lemma int_bounded_unembed:
  assumes "k < n"
  shows "int_bounded (entry_bound n) (unembed k r)"
  using int_bounded_small_nat[of k n] int_bounded_small_nat[of "2 * k" n] one_le_entry_bound[of n]
    assms unfolding unembed_def int_bounded_def by auto

lemma int_bounded_tok_emb: "x \<le> 2 * n \<Longrightarrow> int_bounded (entry_bound n) (tok_emb x r)"
  using int_bounded_small_nat[of x n] one_le_entry_bound[of n]
  unfolding tok_emb_def by (auto simp: int_bounded_def)

lemma int_bounded_pos_emb: "k \<le> 2 * n \<Longrightarrow> int_bounded (entry_bound n) (pos_emb n k r)"
  using int_bounded_small_nat[of k n] one_le_entry_bound[of n]
  unfolding pos_emb_def by (auto simp: int_bounded_def)

lemma int_bounded_logit:
  assumes "k < n" "y < n"
  shows "int_bounded (entry_bound n) (real y ^ 2 - (real k - real y) ^ 2)"
proof -
  have "(real k - real y) ^ 2 \<le> entry_bound n"
    unfolding entry_bound_def using assms abs_le_square_iff[of "real k - real y" "2 * real n + 1"]
    by auto
  moreover have "real y ^ 2 \<le> entry_bound n"
    using int_bounded_small_nat(2)[of y n] assms by (simp add: int_bounded_def)
  moreover have "0 \<le> (real k - real y) ^ 2" "0 \<le> real y ^ 2" by simp_all
  ultimately have "\<bar>real y ^ 2 - (real k - real y) ^ 2\<bar> \<le> entry_bound n"
    unfolding abs_le_iff by linarith
  then show ?thesis
    unfolding int_bounded_def by simp
qed

lemma entry_bound_less_pow2:
  assumes "256 * entry_bound n ^ 2 < 2 ^ p"
  shows "9 * entry_bound n < 2 ^ p"
proof -
  have "entry_bound n \<le> entry_bound n ^ 2"
    using one_le_entry_bound[of n] by (simp add: power2_eq_square)
  with assms one_le_entry_bound[of n] show ?thesis by linarith
qed

section \<open>Correctness on a fixed input\<close>

locale function_evaluation_input =
  fixes n :: nat and f \<pi> :: "nat \<Rightarrow> nat" and istar :: nat
  assumes f_less: "\<forall>x<n. f x < n" and \<pi>_bij: "bij_betw \<pi> {..<n} {..<n}"
    and istar_less: "istar < n"
begin

abbreviation "N \<equiv> 2 * n + 1"
abbreviation "tok \<equiv> fe_input n f \<pi> istar"

definition "X0 = embed tok_emb (pos_emb n) tok"
definition "X1 = attn_layer 7 layer1 True N X0"
definition "X2 = attn_layer 7 layer2 False N X1"

lemma N_pos: "0 < N"
  by simp

lemma tok_less: "k < N \<Longrightarrow> tok k < n"
  using f_less istar_less \<pi>_bij unfolding fe_input_def bij_betw_def by auto

lemma X0_eq:
  "X0 k r = (if r = 0 then 1 else if r = 1 then real (tok k) else if r = 2 then real (tok k) ^ 2
    else if r = 3 then real k else if r = 4 then real k ^ 2
    else if r = 6 \<and> (odd k \<or> k = 2 * n) then 1 else 0)"
  unfolding X0_def embed_def tok_emb_def pos_emb_def by auto

lemma layer1_attends_next:
  assumes "i < N"
  shows "hard_argmax N (score 7 layer1 X0) i = min (i + 1) (2 * n)"
proof (rule hard_argmax_eqI)
  show "min (i + 1) (2 * n) < N" by simp
  have score: "score 7 layer1 X0 i j = (real i + 1)^2 - (real j - (real i + 1))^2" for j
    unfolding score_layer1 X0_eq by (simp add: power2_eq_square algebra_simps)
  show "\<forall>j<N. j \<noteq> min (i + 1) (2 * n) \<longrightarrow>
      score 7 layer1 X0 i j < score 7 layer1 X0 i (min (i + 1) (2 * n))"
  proof (intro allI impI)
    fix j assume j: "j < N" "j \<noteq> min (i + 1) (2 * n)"
    have "(real (min (i + 1) (2 * n)) - (real i + 1))^2 < (real j - (real i + 1))^2"
    proof (cases "i < 2 * n")
      case True
      then show ?thesis using j by simp
    next
      case False
      with assms have "i = 2 * n" by simp
      with j have "real j + 2 \<le> real i + 1" by simp
      then have "1 < \<bar>real j - (real i + 1)\<bar>" by simp
      then have "1 < \<bar>real j - (real i + 1)\<bar> ^ 2" by (rule one_less_power) simp
      with \<open>i = 2 * n\<close> show ?thesis by simp
    qed
    then show "score 7 layer1 X0 i j < score 7 layer1 X0 i (min (i + 1) (2 * n))"
      unfolding score by simp
  qed
qed

lemma X1_eq:
  assumes "k < N"
  shows "X1 k r = (if r = 5 then real (tok (min (k + 1) (2 * n))) else X0 k r)"
  unfolding X1_def attn_layer_hard_argmax[OF N_pos] layer1_attends_next[OF assms] value_layer1
  by (simp add: X0_eq)

lemma layer2_attends_key:
  assumes "k0 < n" and "\<pi> k0 = istar"
  shows "hard_argmax N (score 7 layer2 X1) (2 * n) = 2 * k0"
proof (rule hard_argmax_eqI)
  show "2 * k0 < N" using assms by simp
  have score: "score 7 layer2 X1 (2 * n) j =
      real istar ^ 2 - (real (tok j) - real istar) ^ 2 - (if odd j \<or> j = 2 * n then 1 else 0)"
    if "j < N" for j
    using that by (simp add: score_layer2 X1_eq X0_eq fe_input_def power2_eq_square algebra_simps)
  show "\<forall>j<N. j \<noteq> 2 * k0 \<longrightarrow> score 7 layer2 X1 (2 * n) j < score 7 layer2 X1 (2 * n) (2 * k0)"
  proof (intro allI impI)
    fix j assume j: "j < N" "j \<noteq> 2 * k0"
    have key: "score 7 layer2 X1 (2 * n) (2 * k0) = real istar ^ 2"
      using score[of "2 * k0"] assms by (simp add: fe_input_def)
    show "score 7 layer2 X1 (2 * n) j < score 7 layer2 X1 (2 * n) (2 * k0)"
    proof (cases "odd j \<or> j = 2 * n")
      case True
      have "0 \<le> (real (tok j) - real istar) ^ 2" by simp
      then show ?thesis unfolding key score[OF j(1)] if_P[OF True] by linarith
    next
      case False
      then obtain k where k: "j = 2 * k" "k < n" "k \<noteq> k0"
        using j by (auto elim!: evenE)
      then have "tok j \<noteq> istar"
        using \<pi>_bij assms unfolding bij_betw_def inj_on_def by (auto simp: fe_input_def)
      then show ?thesis unfolding key score[OF j(1)] using False by simp
    qed
  qed
qed

lemma X2_last: "X2 (2 * n) = (\<lambda>r. if r = 0 then real (f istar) else if r = 1 then 1 else 0)"
proof -
  obtain k0 where k0: "k0 < n" "\<pi> k0 = istar"
    using \<pi>_bij istar_less unfolding bij_betw_def by (metis imageE lessThan_iff)
  then have "tok (2 * k0 + 1) = f istar" by (simp add: fe_input_def)
  then show ?thesis
    unfolding X2_def attn_layer_hard_argmax[OF N_pos] layer2_attends_key[OF k0] value_layer2
    using k0 by (simp add: X1_eq X0_eq fun_eq_iff)
qed

lemma logit_eq:
  "(\<Sum>r<7. unembed k r * X2 (2 * n) r) = real (f istar) ^ 2 - (real k - real (f istar)) ^ 2"
  unfolding X2_last by (simp add: unembed_def eval_nat_numeral power2_eq_square algebra_simps)

lemma X0_int_bounded: "k < N \<Longrightarrow> int_bounded (entry_bound n) (X0 k r)"
  using int_bounded_small_nat[of k n] int_bounded_small_nat[of "tok k" n] tok_less[of k]
    one_le_entry_bound[of n]
  unfolding X0_eq by (auto simp: int_bounded_def)

lemma X1_int_bounded:
  assumes "k < N"
  shows "int_bounded (entry_bound n) (X1 k r)"
proof -
  have "tok (min (k + 1) (2 * n)) < n"
    by (rule tok_less) simp
  then have "tok (min (k + 1) (2 * n)) \<le> 2 * n" by simp
  then show ?thesis
    using int_bounded_small_nat X0_int_bounded[OF assms] unfolding X1_eq[OF assms] by simp
qed

lemma transformer_output:
  assumes prec: "256 * entry_bound n ^ 2 < 2 ^ p"
  shows "let N = 2 * n + 1;
             X0 = embed tok_emb (pos_emb n) (fe_input n f \<pi> istar);
             X1 = attn_layer 7 layer1 True N X0;
             X2 = attn_layer 7 layer2 False N X1;
             logit = (\<lambda>k. \<Sum>r<7. unembed k r * X2 (2 * n) r)
         in (\<forall>k<n. k \<noteq> f istar \<longrightarrow> logit k < logit (f istar)) \<and>
            (\<forall>k<N. \<forall>r<7. fixp p (X0 k r)) \<and>
            attn_comp_prec p 7 layer1 True N X0 \<and>
            attn_comp_prec p 7 layer2 False N X1 \<and>
            (\<forall>k<n. fixp p (logit k))"
proof -
  let ?B = "entry_bound n"
  have bits: "?B < 2 ^ p" "(1 + 8) * ?B < 2 ^ p" "4 * (8 * ?B) ^ 2 < 2 ^ p"
    using prec entry_bound_less_pow2[OF prec] one_le_entry_bound[of n]
    by (simp_all add: power_mult_distrib)
  have dh: "dh layer1 = 4" "dh layer2 = 4"
    by (simp_all add: layer1_def layer2_def)
  have "attn_comp_prec p 7 layer1 True N X0" "attn_comp_prec p 7 layer2 False N X1"
    using X0_int_bounded X1_int_bounded one_le_entry_bound[of n] bits dh
    by (auto intro!: attn_comp_prec_if_int_weights int_weights_layer1 int_weights_layer2)
  moreover have "fixp p (X0 k r)" if "k < N" for k r
    using X0_int_bounded[OF that] bits(1) by (rule fixp_if_int_bounded)
  moreover have "fixp p (real (f istar) ^ 2 - (real k - real (f istar)) ^ 2)" if "k < n" for k
    using int_bounded_logit[OF that] f_less istar_less bits(1)
    by (blast intro: fixp_if_int_bounded)
  ultimately show ?thesis
    unfolding Let_def X0_def[symmetric] X1_def[symmetric] X2_def[symmetric] logit_eq by auto
qed

end

section \<open>Choice of the precision\<close>

lemma ex_pow2_between:
  fixes m A :: nat
  assumes "0 < m" and "2 * A \<le> m"
  shows "\<exists>p. 2 ^ p \<le> m \<and> A < 2 ^ p"
proof -
  obtain p where "2 ^ p \<le> m" "m < 2 ^ (p + 1)"
    using ex_power_ivl1[of 2 m] assms(1) by auto
  with assms(2) show ?thesis by auto
qed

lemma entry_bound_bits:
  fixes n :: nat
  assumes "1 \<le> n"
  shows "2 * (256 * (2 * n + 1) ^ 4) \<le> (n + 1) ^ 17"
proof -
  have "2 * (256 * (2 * n + 1) ^ 4) = 2 ^ 9 * (2 * n + 1) ^ 4"
    by simp
  also have "\<dots> \<le> 2 ^ 9 * (2 * (n + 1)) ^ 4"
    by (intro mult_le_mono2 power_mono) simp_all
  also have "\<dots> = 2 ^ 13 * (n + 1) ^ 4"
    unfolding power_mult_distrib by simp
  also have "\<dots> \<le> (n + 1) ^ 13 * (n + 1) ^ 4"
    using assms by (intro mult_le_mono1 power_mono) simp_all
  also have "\<dots> = (n + 1) ^ 17"
    by (simp flip: power_add)
  finally show ?thesis .
qed

lemma ex_precision:
  assumes "1 \<le> n"
  shows "\<exists>p. 2 ^ p \<le> (n + 1) ^ 17 \<and> 256 * entry_bound n ^ 2 < 2 ^ p"
proof -
  obtain p where p: "2 ^ p \<le> (n + 1) ^ 17" "256 * (2 * n + 1) ^ 4 < 2 ^ p"
    using ex_pow2_between[OF _ entry_bound_bits[OF assms]] by fastforce
  from p(2) have "real (256 * (2 * n + 1) ^ 4) < real (2 ^ p)"
    by (simp only: of_nat_less_iff)
  then have "256 * entry_bound n ^ 2 < 2 ^ p"
    by (simp add: entry_bound_def add.commute flip: power_mult)
  with p(1) show ?thesis by blast
qed

lemma construction_params_prec:
  assumes prec: "256 * entry_bound n ^ 2 < 2 ^ p"
  shows "(\<forall>x<n. \<forall>r<7. fixp p (tok_emb x r)) \<and> (\<forall>k<2*n+1. \<forall>r<7. fixp p (pos_emb n k r)) \<and>
    attn_params_prec p 7 layer1 \<and> attn_params_prec p 7 layer2 \<and>
    (\<forall>k<n. \<forall>r<7. fixp p (unembed k r))"
proof -
  have "entry_bound n < 2 ^ p" "8 < (2::real) ^ p"
    using entry_bound_less_pow2[OF prec] one_le_entry_bound[of n] by auto
  then have small: "fixp p x" if "int_bounded (entry_bound n) x" for x
    using that by (blast intro: fixp_if_int_bounded)
  show ?thesis
    using \<open>8 < 2 ^ p\<close> int_weights_layer1 int_weights_layer2
    by (auto intro!: small int_bounded_tok_emb int_bounded_pos_emb int_bounded_unembed
        attn_params_prec_if_int_weights)
qed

The task:
Return each line above where the word "with" shows up.

Result below:
  with assms one_le_entry_bound[of n] show ?thesis by linarith
      with assms have "i = 2 * n" by simp
      with j have "real j + 2 \<le> real i + 1" by simp
      with \<open>i = 2 * n\<close> show ?thesis by simp
  with assms(2) show ?thesis by auto
  with p(1) show ?thesis by blast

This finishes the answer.